■ **WHAT YOU WILL DO**:
Report only the number of lines in the following entries where the word "open" occurs.

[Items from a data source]
-=-=-

lemma closed_subspace_nearest_point:
  fixes S :: "'a::{real_inner,complete_space} set"
  assumes "subspace S" and "closed S"
  obtains p where "p \<in> S" and "\<And>s. s \<in> S \<Longrightarrow> norm (x - p) \<le> norm (x - s)"
proof -
  define d where "d = infdist x S"
  have S_ne: "S \<noteq> {}" using subspace_0[OF assms(1)] by blast
  have d_le: "d \<le> norm (x - s)" if "s \<in> S" for s
    using infdist_le[OF that, of x] by (simp add: d_def dist_norm)
  have "\<exists>s\<in>S. norm (x - s) < d + 1 / Suc n" for n
  proof -
    have "(INF s\<in>S. dist x s) < d + 1 / Suc n"
      using infdist_notempty[OF S_ne] by (simp add: d_def)
    then show ?thesis
      using S_ne by (subst (asm) cINF_less_iff) (auto simp: dist_norm intro: bdd_belowI2[of _ 0])
  qed
  then obtain s where s_in: "\<And>n. s n \<in> S" and s_near: "\<And>n. norm (x - s n) < d + 1 / Suc n"
    by metis
  have s_lim: "(\<lambda>n. norm (x - s n)) \<longlonglongrightarrow> d"
  proof (rule tendsto_sandwich)
    show "\<forall>\<^sub>F n in sequentially. d \<le> norm (x - s n)" using d_le s_in by simp
    show "\<forall>\<^sub>F n in sequentially. norm (x - s n) \<le> d + 1 / Suc n" using s_near by (simp add: less_imp_le)
    show "(\<lambda>n. d + 1 / real (Suc n)) \<longlonglongrightarrow> d"
      using tendsto_add[OF tendsto_const LIMSEQ_inverse_real_of_nat] by (simp add: inverse_eq_divide)
  qed simp
  have "Cauchy s"
  proof (rule metric_CauchyI)
    fix e :: real
    assume "e > 0"
    have "(\<lambda>n. (norm (x - s n))\<^sup>2 - d\<^sup>2) \<longlonglongrightarrow> d\<^sup>2 - d\<^sup>2"
      by (intro tendsto_intros s_lim)
    moreover have "e\<^sup>2 / 4 > 0" using \<open>e > 0\<close> by simp
    ultimately obtain M where M: "\<And>n. n \<ge> M \<Longrightarrow> (norm (x - s n))\<^sup>2 - d\<^sup>2 < e\<^sup>2 / 4"
      by (metis (no_types, lifting) diff_self order_tendstoD(2) eventually_sequentially)
    have "dist (s m) (s n) < e" if "m \<ge> M" "n \<ge> M" for m n
    proof -
      have "(1/2) *\<^sub>R (s m + s n) \<in> S"
        using s_in assms(1) by (simp add: subspace_add subspace_scale)
      then have "d\<^sup>2 \<le> (norm (x - (1/2) *\<^sub>R (s m + s n)))\<^sup>2"
        using d_le infdist_nonneg[of x S] by (simp add: d_def power_mono)
      then have "(dist (s m) (s n))\<^sup>2 < e\<^sup>2"
        using norm_diff_midpoint[of "s m" "s n" x] M[OF that(1)] M[OF that(2)] by (simp add: dist_norm)
      then show ?thesis using \<open>e > 0\<close> by (simp add: power_less_imp_less_base)
    qed
    then show "\<exists>M. \<forall>m\<ge>M. \<forall>n\<ge>M. dist (s m) (s n) < e" by blast
  qed
  then obtain p where p: "s \<longlonglongrightarrow> p" using Cauchy_convergent_iff convergent_def by blast
  have "p \<in> S" using closed_sequentially[OF assms(2)] s_in p by blast
  moreover have "norm (x - p) = d"
    using tendsto_unique[OF _ tendsto_norm[OF tendsto_diff[OF tendsto_const p]] s_lim] by simp
  ultimately show ?thesis using that d_le by simp
qed
(* Let $\varphi$ be an $AB\bar B$-formula and let $\mathcal{G}=(\mathbb{P}_N,\mathcal{L})$ be a $\varphi$-compass structure of finite length $N<\omega$ such that $\varphi\in\mathcal{L}(0,y)$ for some $0<y<N$. If there exist rows $0<y_0<y_1<N$ with $Shading_{\mathcal{G}}(y_0)\subseteq Shading_{\mathcal{G}}(y_1)$, then there exists a $\varphi$-compass structure $\mathcal{G}'$ of length $N'<N$ that features $\varphi$.
   Context: $AB\bar B$-formulas are built from propositional variables using $\neg$, $\vee$, and unary modalities $\langle A\rangle,\langle B\rangle,\langle\bar B\rangle$ ($[R]\psi=\neg\langle R\rangle\neg\psi$). The closure $Cl(\varphi)$ is the set of subformulas of $\varphi$ and their negations (identifying $\neg\neg\alpha$ with $\alpha$, $\neg\langle R\rangle\alpha$ with $[R]\neg\alpha$). The extended closure $Cl^+(\varphi)$ is $Cl(\varphi)$ together with all $\langle R\rangle\alpha$ and $\neg\langle R\rangle\alpha$ for $R\in\{A,B,\bar B\}$, $\alpha\in Cl(\varphi)$. A $\varphi$-atom is a nonempty $F\subseteq Cl^+(\varphi)$ such that for every $\alpha\in Cl^+(\varphi)$, $\alpha\in F$ iff $\neg\alpha\notin F$, and for every $\alpha\vee\beta\in Cl^+(\varphi)$, $\alpha\vee\beta\in F$ iff $\alpha\in F$ or $\beta\in F$. For an atom $F$: $obs(F)=\{\alpha\in Cl(\varphi):\alpha\in F\}$ and $Req_R(F)=\{\alpha\in Cl(\varphi):\langle R\rangle\alpha\in F\}$. Define $F\leadsto_A G$ iff $Req_A(F)=obs(G)\cup Req_B(G)\cup Req_{\bar B}(G)$; and $F\leadsto_B G$ iff $obs(F)\cup Req_{\bar B}(F)\subseteq Req_{\bar B}(G)\subseteq obs(F)\cup Req_{\bar B}(F)\cup Req_B(F)$ and $obs(G)\cup Req_B(G)\subseteq Req_B(F)\subseteq obs(G)\cup Req_B(G)\cup Req_{\bar B}(G)$. For $N\le\omega$ (identified with $\{0,\dots,N-1\}$), $\mathbb{P}_N=\{(x,y):0\le x<y<N\}$, with relations $(x,y)\,A\,(x',y')$ iff $y=x'$; $(x,y)\,B\,(x',y')$ iff $x=x'$ and $y'<y$; $(x,y)\,\bar B\,(x',y')$ iff $x=x'$ and $y<y'$. A $\varphi$-compass structure of length $N$ is $\mathcal{G}=(\mathbb{P}_N,\mathcal{L})$ with $\mathcal{L}$ mapping points to $\varphi$-atoms such that (consistency) $p\,R\,q$ implies $\mathcal{L}(p)\leadsto_R\mathcal{L}(q)$ for $R\in\{A,B\}$, and (fulfillment) for every $p$, $R\in\{A,B,\bar B\}$, $\alpha\in Req_R(\mathcal{L}(p))$ there is $q$ with $p\,R\,q$ and $\alpha\in obs(\mathcal{L}(q))$. $\mathcal{G}$ features $\alpha$ if $\alpha\in\mathcal{L}(p)$ for some point $p$. The shading of row $y$ is $Shading_{\mathcal{G}}(y)=\{\mathcal{L}(x,y):0\le x<y\}$. *)

theory Defs
  imports Main
begin
lemma ex_left_basis:
  fixes C :: "('a \<Rightarrow> 'a::division_ring) set"
  assumes "left_code B C" "finite B"
  shows "\<exists>S. left_basis S C"
proof -
  define K where "K = {card S | S. finite S \<and> S \<subseteq> C \<and> left_indep S}"
  have "K \<subseteq> {..card B}"
  proof
    fix m assume "m \<in> K"
    then obtain S where S: "m = card S" "finite S" "S \<subseteq> C" "left_indep S" unfolding K_def by blast
    then have "S \<subseteq> vecs B" using left_code_subset_vecs[OF assms(1)] by blast
    then show "m \<in> {..card B}" using left_indep_card_le[OF assms(2) S(2) _ S(4)] S(1) by simp
  qed
  then have fK: "finite K" by (rule finite_subset) simp
  have "left_indep {}" by (simp add: left_indep_def)
  then have "card ({} :: ('a \<Rightarrow> 'a) set) \<in> K" unfolding K_def by blast
  then have "Max K \<in> K" using fK by (intro Max_in) auto
  then obtain S where S: "finite S" "S \<subseteq> C" "left_indep S" and card_S: "Max K = card S"
    unfolding K_def by (elim CollectE exE conjE) simp
  have "C \<subseteq> left_span S"
  proof
    fix u assume u: "u \<in> C"
    show "u \<in> left_span S"
    proof (cases "u \<in> S")
      case True
      then have "u = lcomb (\<lambda>w. if w = u then 1 else 0) S" by (simp add: lcomb_indicator S(1))
      then show ?thesis unfolding left_span_def by blast
    next
      case False
      have "\<not> left_indep (insert u S)"
      proof
        assume "left_indep (insert u S)"
        then have "card (insert u S) \<in> K" unfolding K_def using S u by blast
        then have "card (insert u S) \<le> Max K" using fK by simp
        then show False using False S(1) card_S by simp
      qed
      then show ?thesis using in_left_span_if_insert_dependent[OF S(1,3) False] by blast
    qed
  qed
  moreover have "left_span S \<subseteq> C"
    using left_code_lcomb[OF assms(1) S(1,2)] by (auto simp: left_span_def)
  ultimately show ?thesis using S by (auto simp: left_basis_def)
qed

lemma coeff_lsmult[simp]: "coeff (lsmult a p) n = a * coeff p n"
  by (simp add: lsmult_def coeff_map_poly)

lemma lsmult_add: "lsmult a (p + q) = lsmult a p + lsmult a q"
  by (rule poly_eqI) (simp add: distrib_left)

lemma lsmult_add_left: "lsmult (a + b) p = lsmult a p + lsmult b p"
  by (rule poly_eqI) (simp add: distrib_right)

lemma lsmult_lsmult: "lsmult a (lsmult b p) = lsmult (a * b) p"
  by (rule poly_eqI) (simp add: mult.assoc)

lemma lsmult_0_left[simp]: "lsmult 0 p = 0" by (rule poly_eqI) simp

lemma lsmult_0_right[simp]: "lsmult a 0 = 0" by (rule poly_eqI) simp

lemma lsmult_diff: "lsmult a (p - q) = lsmult a p - lsmult a q"
  by (rule poly_eqI) (simp add: right_diff_distrib)

lemma lsmult_sum: "lsmult a (sum f S) = (\<Sum>i\<in>S. lsmult a (f i))"
  by (induction S rule: infinite_finite_induct) (auto simp: lsmult_add)

lemma degree_lsmult_le: "degree (lsmult a p) \<le> degree p"
  by (rule degree_le) (simp add: coeff_eq_0)

lemma degree_lsmult: "a \<noteq> 0 \<Longrightarrow> degree (lsmult a p) = degree p"
proof (cases "p = 0")
  case False
  assume "a \<noteq> 0"
  then have "coeff (lsmult a p) (degree p) \<noteq> 0" using False by simp
  then have "degree p \<le> degree (lsmult a p)" by (rule le_degree)
  then show ?thesis using degree_lsmult_le[of a p] by simp
qed simp

lemma monom_lsmult: "monom c i = lsmult c (monom 1 i)"
  by (rule poly_eqI) simp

-=-=-

■ **OUTPUT FOR THIS TASK**:
2